Nos magiciens vont s’y prendre de la manière suivant : les trois millions prêtés au premier promoteur apparaissent en charge, mais l’immeuble a été revendu cinq millions (au lieu de deux). Bénéfice affiché : deux millions de dollars ! Mieux encore, la caisse touche tous les mois ses remboursements de prêt du second promoteur et pour cause, puisque c’est elle-même qui se les verse. Elle enregistre donc un chiffre d’affaire positif. Mais ce n’est pas fini : la caisse s’est défaussée de l’immeuble du premier promoteur qu’elle avait sur les bras sur le second promoteur, celui qui rembourse son prêt rubis sur l’ongle avec l’argent que lui a prêté la caisse. En réalité, comme c’est la caisse qui paie tout, elle se retrouve « plantée » de neuf millions de dollars. Mais on n’y voit que du feu jusqu’au baisser de rideau, pourvu que les auditeurs ne viennent pas fouiner trop avant, et surtout trop tôt, dans les comptes. Pour la petite histoire, il semble bien que la Silverado où officiait Neil Bush se soit trouvée impliquée dans diverses affaires de ce genre.

Cette cavalerie ou « boule de neige » plongera dans des abîmes de perplexité n’importe qui, un peu sensé et approximativement honnête : durant tout ce temps, la caisse doit servir 15% d’intérêts (taux à l’époque) à ses déposants, tandis qu’elle se contente, en fait de rentrées d’argent, de percevoir les échéances d’un prêt qu’elle paie elle-même et enfin, au terme de deux ans pendant lesquels elle se rembourse à elle-même son propre prêt, elle aura toujours sur les bras son programme immobilier invendable puisque le second promoteur aura alors, bien entendu, rejoint le premier dans la banqueroute. Le tout pour neuf millions de dollars, comme cela a déjà été dit. Mais c’est oublier que les Savings & Loan ne sont plus que des machines à sous trafiquées, cachées derrière un décor de pacotille. Prêter de l’argent pour contribuer à l’amélioration de l’habitat est devenu le cadet de leurs soucis et sûrement pas, en tous cas, le moyen par lequel elles veulent gagner de l’argent. Ce qu’elles font, c’est écumer les campagnes à la recherche de déposants attirés par des taux faramineux, en les rassurant avec la garantie des 100 000 dollars sur les dépôts donnée par le gouvernement. Et surtout elles misent à tire-larigot sur le marché des junk bonds. Là encore, il faut aller voir d’un peu plus près comment les choses se sont passées.

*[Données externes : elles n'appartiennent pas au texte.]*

(* For all integers $n,f,k$ with $1\le f\le n-1$ and $1\le k\le n$, the task $(k+1)\text{-TAg}(n+1,f)$ is $C^*$-reducible to $k\text{-TAg}(n,f)$. Specifically, with $\Pi=\{1,\dots,n+1\}$ and $\Pi_i=\Pi\setminus\{i\}$, the following algorithm solves $(k+1)\text{-TAg}(\Pi,f)$ using the oracles $\mathcal O.k\text{-TAg}(\Pi_l,f)$, $l=1,\dots,n+1$: each process $i$, for $l=1,\dots,n+1$ with $l\ne i$ in this order, queries $\mathcal O.k\text{-TAg}(\Pi_l,f)$ with its initial value $v_i$, receives answer $w_l$ and sends $(l,w_l)$ to all; it then waits until it knows $w_l$ for all $l\in\{1,\dots,n+1\}$ and decides $\max_l w_l$.
   Context: Model: a finite set of processes runs an asynchronous algorithm communicating by reliable message passing with unbounded delays and speeds; processes fail only by crashing. Time is $\mathcal T=\mathbb N$; a failure pattern $F$ for $\Pi$ is a nondecreasing map $\mathcal T\to2^\Pi$, $Faulty(F)=\bigcup_tF(t)$. A binary agreement problem $P$ for $\Pi$ maps each $(F,\vec V)$, $\vec V\in\{0,1\}^\Pi$, to a nonempty $P(F,\vec V)\subseteq\{0,1\}$; a task is $T=(P,f)$. An algorithm solves $T$ if in every run with $|Faulty(F)|\le f$ and initial values $\vec V$: every correct process eventually decides, decisions are irrevocable, no two processes decide differently, and decisions lie in $P(F,\vec V)$. $k\text{-TAg}_\Pi(F,\vec V)=\{0\}$ if at least $k$ entries of $\vec V$ are $0$; $=\{1\}$ if $\vec V$ is all-ones and $|Faulty(F)|\le k-1$; $=\{0,1\}$ otherwise; $k\text{-TAg}(\Pi,f)=(k\text{-TAg}_\Pi,f)$; $k\text{-TAg}(n,f)=k\text{-TAg}(\{1,\dots,n\},f)$. Oracles: for $T=(P,f)$ on process set $\Pi'$, $\mathcal O.T$ is a black box with consultants $\Pi'$; its history is a sequence of successive consultations, in each of which every consultant may submit at most one query in $\{0,1\}$ and the oracle returns a common response $d$ with $d\in P(F,\vec V)$ for every $\vec V$ extending the partial query vector (the oracle may use the whole failure pattern restricted to $\Pi'$, including future crashes), and every correct querier gets the response whenever at least $|\Pi'|-f$ consultants query; $\mathcal O.T$ is the most general such oracle. $C^*$-reduction: $T_1\le_{C^*}T_2$ if there is an algorithm solving $T_1$ whose processes may additionally consult any finite collection of oracles $\mathcal O.T_2^{(j)}$, each $T_2^{(j)}$ being a copy of $T_2$ whose processes are renamed into (a subset of) the processes of $T_1$. *)

theory Defs
  imports Main
begin

(* Binary values: False encodes 0, True encodes 1 (so max on bool is max on {0,1}). *)

definition procs :: "nat \<Rightarrow> nat set" where
  "procs N = {1..N}"

definition failure_pattern :: "nat set \<Rightarrow> (nat \<Rightarrow> nat set) \<Rightarrow> bool" where
  "failure_pattern P F \<longleftrightarrow> (\<forall>t t'. t \<le> t' \<longrightarrow> F t \<subseteq> F t') \<and> (\<forall>t. F t \<subseteq> P)"

definition Faulty :: "(nat \<Rightarrow> nat set) \<Rightarrow> nat set" where
  "Faulty F = (\<Union>t. F t)"

definition TAg :: "nat \<Rightarrow> nat set \<Rightarrow> (nat \<Rightarrow> nat set) \<Rightarrow> (nat \<Rightarrow> bool) \<Rightarrow> bool set" where
  "TAg k P F V =
     (if k \<le> card {i \<in> P. V i = False} then {False}
      else if (\<forall>i\<in>P. V i = True) \<and> card (Faulty F) \<le> k - 1 then {True}
      else UNIV)"

record cfg =
  pc       :: "nat \<Rightarrow> nat"                 (* number of oracle answers already processed by process i *)
  waiting  :: "nat \<Rightarrow> bool"                (* process i has a pending oracle query *)
  know     :: "nat \<Rightarrow> nat \<Rightarrow> bool option"   (* know i l = known value w_l at process i *)
  dec      :: "nat \<Rightarrow> bool option"
  queried  :: "nat \<Rightarrow> nat \<Rightarrow> bool option"   (* queried l i = query submitted by i to oracle l *)
  oans     :: "nat \<Rightarrow> nat \<Rightarrow> bool option"   (* oans l i = response of oracle l delivered to i *)
  transit  :: "(nat \<times> nat \<times> nat \<times> bool) set"  (* messages (sender, receiver, l, w_l) in transit *)

definition init_cfg :: cfg where
  "init_cfg = \<lparr> pc = (\<lambda>_. 0), waiting = (\<lambda>_. False), know = (\<lambda>_ _. None), dec = (\<lambda>_. None),
               queried = (\<lambda>_ _. None), oans = (\<lambda>_ _. None), transit = {} \<rparr>"

datatype event =
    PStep nat
  | Deliver "nat \<times> nat \<times> nat \<times> bool"
  | OAns nat nat                         (* oracle l returns its response to querier i *)

definition qorder :: "nat \<Rightarrow> nat \<Rightarrow> nat list" where
  "qorder N i = filter (\<lambda>l. l \<noteq> i) [1..<N+1]"

(* One transition. N = number of processes, V = initial values, d l = common response of oracle l. *)
definition step :: "nat \<Rightarrow> (nat \<Rightarrow> bool) \<Rightarrow> (nat \<Rightarrow> bool) \<Rightarrow> event \<Rightarrow> cfg \<Rightarrow> cfg" where
  "step N V d e c = (case e of
     PStep i \<Rightarrow>
       (if dec c i \<noteq> None then c
        else if \<not> waiting c i then
          (if pc c i < N - 1 then
             (let l = qorder N i ! pc c i in
              c\<lparr> queried := (queried c)(l := (queried c l)(i := Some (V i))),
                 waiting := (waiting c)(i := True) \<rparr>)
           else if (\<forall>l\<in>procs N. know c i l \<noteq> None) then
             c\<lparr> dec := (dec c)(i := Some (Max ((\<lambda>l. the (know c i l)) ` procs N))) \<rparr>
           else c)
        else
          (let l = qorder N i ! pc c i in
           (case oans c l i of
              None \<Rightarrow> c
            | Some w \<Rightarrow>
                c\<lparr> know := (know c)(i := (know c i)(l := Some w)),
                   transit := transit c \<union> {(i, j, l, w) | j. j \<in> procs N},
                   waiting := (waiting c)(i := False),
                   pc := (pc c)(i := Suc (pc c i)) \<rparr>)))
   | Deliver m \<Rightarrow>
       (case m of (s, r, l, w) \<Rightarrow>
          if m \<in> transit c then
            c\<lparr> transit := transit c - {m},
               know := (know c)(r := (know c r)(l :=
                         (case know c r l of None \<Rightarrow> Some w | Some u \<Rightarrow> Some u))) \<rparr>
          else c)
   | OAns l i \<Rightarrow>
       (if queried c l i \<noteq> None \<and> oans c l i = None
        then c\<lparr> oans := (oans c)(l := (oans c l)(i := Some (d l))) \<rparr>
        else c))"

definition admissible_run ::
  "nat \<Rightarrow> nat \<Rightarrow> nat \<Rightarrow> (nat \<Rightarrow> nat set) \<Rightarrow> (nat \<Rightarrow> bool) \<Rightarrow> (nat \<Rightarrow> bool)
   \<Rightarrow> (nat \<Rightarrow> cfg) \<Rightarrow> (nat \<Rightarrow> event) \<Rightarrow> bool" where
  "admissible_run N k f F V d C ev \<longleftrightarrow>
     failure_pattern (procs N) F
   \<and> C 0 = init_cfg
   \<and> (\<forall>t. C (Suc t) = step N V d (ev t) (C t))
   \<comment> \<open>only alive processes of the system take steps\<close>
   \<and> (\<forall>t i. ev t = PStep i \<longrightarrow> i \<in> procs N \<and> i \<notin> F t)
   \<comment> \<open>correct processes take infinitely many steps\<close>
   \<and> (\<forall>i \<in> procs N - Faulty F. \<forall>t. \<exists>t'\<ge>t. ev t' = PStep i)
   \<comment> \<open>reliable channels: messages to correct processes are eventually delivered\<close>
   \<and> (\<forall>t s r l w. (s, r, l, w) \<in> transit (C t) \<and> r \<in> procs N - Faulty F
          \<longrightarrow> (\<exists>t'\<ge>t. ev t' = Deliver (s, r, l, w)))
   \<comment> \<open>oracle safety: the common response of oracle l is valid for every input vector
       extending its (partial) query vector, w.r.t. F restricted to Pi_l\<close>
   \<and> (\<forall>l \<in> procs N. \<forall>V'.
          (\<forall>i \<in> procs N - {l}. \<forall>v. (\<exists>t. queried (C t) l i = Some v) \<longrightarrow> V' i = v)
          \<longrightarrow> d l \<in> TAg k (procs N - {l}) (\<lambda>t. F t \<inter> (procs N - {l})) V')
   \<comment> \<open>oracle liveness: if at least |Pi_l| - f consultants query, every correct querier gets the response\<close>
   \<and> (\<forall>l \<in> procs N.
          card {i \<in> procs N - {l}. \<exists>t. queried (C t) l i \<noteq> None} \<ge> card (procs N - {l}) - f
          \<longrightarrow> (\<forall>i \<in> procs N - {l} - Faulty F. (\<exists>t. queried (C t) l i \<noteq> None)
                  \<longrightarrow> (\<exists>t. oans (C t) l i \<noteq> None)))"

end

theory Submission
  imports Defs
begin

(* Oracle l is consulted by everybody except process l, so it answers with respect to the initial
   values of Pi_l. If at least k + 1 initial values are 0, each Pi_l still contains k zeros and
   every oracle answers 0, hence so does the maximum. If all values are 1 and at most k processes
   crash, the oracle indexed by a faulty process sees at most k - 1 crashes and must answer 1, hence
   the maximum is 1.
   For termination, all processes query the oracles in increasing order, so by induction on l every
   correct process reaches oracle l; then at least |Pi_l| - f consultants query it and it answers.
   The one response a process does not obtain itself, w_i, is forwarded to it by some other correct
   process, which exists because f <= n - 1. *)

lemma Faulty_restrict: "Faulty (\<lambda>t. F t \<inter> P) = Faulty F \<inter> P"
  by (auto simp: Faulty_def)

lemma Max_in_TAg_Suc:
  assumes "finite P" and "P \<noteq> {}" and "Faulty F \<subseteq> P" and "1 \<le> k"
    and valid: "\<And>l. l \<in> P \<Longrightarrow> d l \<in> TAg k (P - {l}) (\<lambda>t. F t \<inter> (P - {l})) V"
  shows "Max (d ` P) \<in> TAg (k + 1) P F V"
proof (cases "k + 1 \<le> card {i \<in> P. V i = False}")
  case True
  have "d l = False" if l: "l \<in> P" for l
  proof -
    have "card {i \<in> P. V i = False} - 1 \<le> card ({i \<in> P. V i = False} - {l})"
      using diff_card_le_card_Diff[of "{l}" "{i \<in> P. V i = False}"] by simp
    also have "{i \<in> P. V i = False} - {l} = {i \<in> P - {l}. V i = False}"
      by auto
    finally have "k \<le> card {i \<in> P - {l}. V i = False}"
      using True by simp
    then show ?thesis
      using valid[OF l] by (simp add: TAg_def)
  qed
  then have "d ` P = {False}"
    using \<open>P \<noteq> {}\<close> by auto
  with True show ?thesis
    by (simp add: TAg_def)
next
  case no_zeros: False
  show ?thesis
  proof (cases "(\<forall>i\<in>P. V i) \<and> card (Faulty F) \<le> k")
    case True
    obtain l where l: "l \<in> P" and l_faulty: "Faulty F \<noteq> {} \<Longrightarrow> l \<in> Faulty F"
      using \<open>P \<noteq> {}\<close> \<open>Faulty F \<subseteq> P\<close> by blast
    have "finite (Faulty F)"
      using \<open>finite P\<close> \<open>Faulty F \<subseteq> P\<close> finite_subset by blast
    have "card (Faulty F \<inter> (P - {l})) \<le> k - 1"
    proof (cases "Faulty F = {}")
      case False
      then have "l \<in> Faulty F" and "Faulty F \<inter> (P - {l}) = Faulty F - {l}"
        using l_faulty \<open>Faulty F \<subseteq> P\<close> by auto
      with \<open>finite (Faulty F)\<close> True show ?thesis
        by (simp add: diff_le_mono)
    qed simp
    moreover have no_zeros_left: "{i \<in> P - {l}. V i = False} = {}"
      using True by auto
    ultimately have "TAg k (P - {l}) (\<lambda>t. F t \<inter> (P - {l})) V = {True}"
      using True \<open>1 \<le> k\<close> unfolding TAg_def no_zeros_left by (simp add: Faulty_restrict)
    then have "d l = True"
      using valid[OF l] by simp
    moreover have "d l \<le> Max (d ` P)"
      using \<open>finite P\<close> l by (intro Max_ge) auto
    ultimately have "Max (d ` P) = True"
      by simp
    with no_zeros True show ?thesis
      by (simp add: TAg_def)
  next
    case False
    then have "\<not> ((\<forall>i\<in>P. V i = True) \<and> card (Faulty F) \<le> k + 1 - 1)"
      by simp
    with no_zeros have "TAg (k + 1) P F V = UNIV"
      unfolding TAg_def by (simp only: if_False)
    then show ?thesis
      by simp
  qed
qed

lemma finite_procs: "finite (procs N)"
  by (simp add: procs_def)

lemma set_qorder: "set (qorder N i) = procs N - {i}"
  by (auto simp: qorder_def procs_def)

Emettre des junk bonds assure des rentrées d’argent juteuses, en acheter aussi. On peut donc gagner sur les deux tableaux, tel est le miracle de la finance malodorante. Les plus malignes des caisses (disons plutôt les plus malins de leurs dirigeants) vont se servir en effet des junk bonds pour monter des LBO ou, plus simplement, elles vont en vendre pour pouvoir en acheter et faire la culbute autant de fois que le système le permettra dans l’attente de la chute finale. […]

Avec ces manières de faire manières de faire, la faillite est évidemment assurée mais, on s’en doute, l’argent n’est pas perdu pour tout le monde. Pourtant, personne n’a jamais sérieusement demandé à Keating, Good, Walters, Bush, Paul et tous les autres de rembourser quoi que ce soit. Ils ont continué de rouler en voiture de luxe, d’habiter des maisons cossues dans les plus beaux quartiers des villes les plus chères. La seule précaution qu’ils ont dû prendre a consisté, comme Neil Bush, à mettre l’argent dans des trusts ou au nom de leur épouse. […]

Il n’empêche que le grand mystère des Savings & Loan, jamais éclairci, est de savoir où est passé l’argent. Question à 500 milliards de dollars. […] En fait, il y a d’ailleurs une question dans la question, plus intéressante encore : pourquoi personne ne s’est-il préoccupé de retrouver cet argent et de faire rendre gorge aux spoliateurs qui ont détroussé les petits épargnants trop confiants et le contribuable américain, payeur en dernier ressort ? Force est de dire que la grande presse américaine, d’habitude si jalouse de son indépendance et si fière de ses capacités d’investigation, a brillé dans cette affaire par son inconsistance. Seuls quelques journalistes, universitaires et chercheurs, curieux mais isolés, sont allés renifler du côté des alambics qui ont servi à fabriquer cette impressionnante distillerie financière. De leur propre aveu ils n’ont pu en reconstituer qu’une faible partie, qui laisse cependant déjà rêveur. Car ce que l’on trouve dans ce scandale est un assemblage ahurissant de financiers douteux, de mafieux, d’escrocs, d’agents de la CIA, d’hommes politiques de tous niveaux, jusqu’au plus élevés. De quoi alimenter le fantasme de conspiration cher aux Américains. Comme l’a avoué Dick Thornburgh, Attorney General [ndlr : équivalent au ministre de la justice] de George Bush, un brin laconique et sur un ton désinvolte : « Il y a beaucoup de gens à blâmer dans ce fiasco. »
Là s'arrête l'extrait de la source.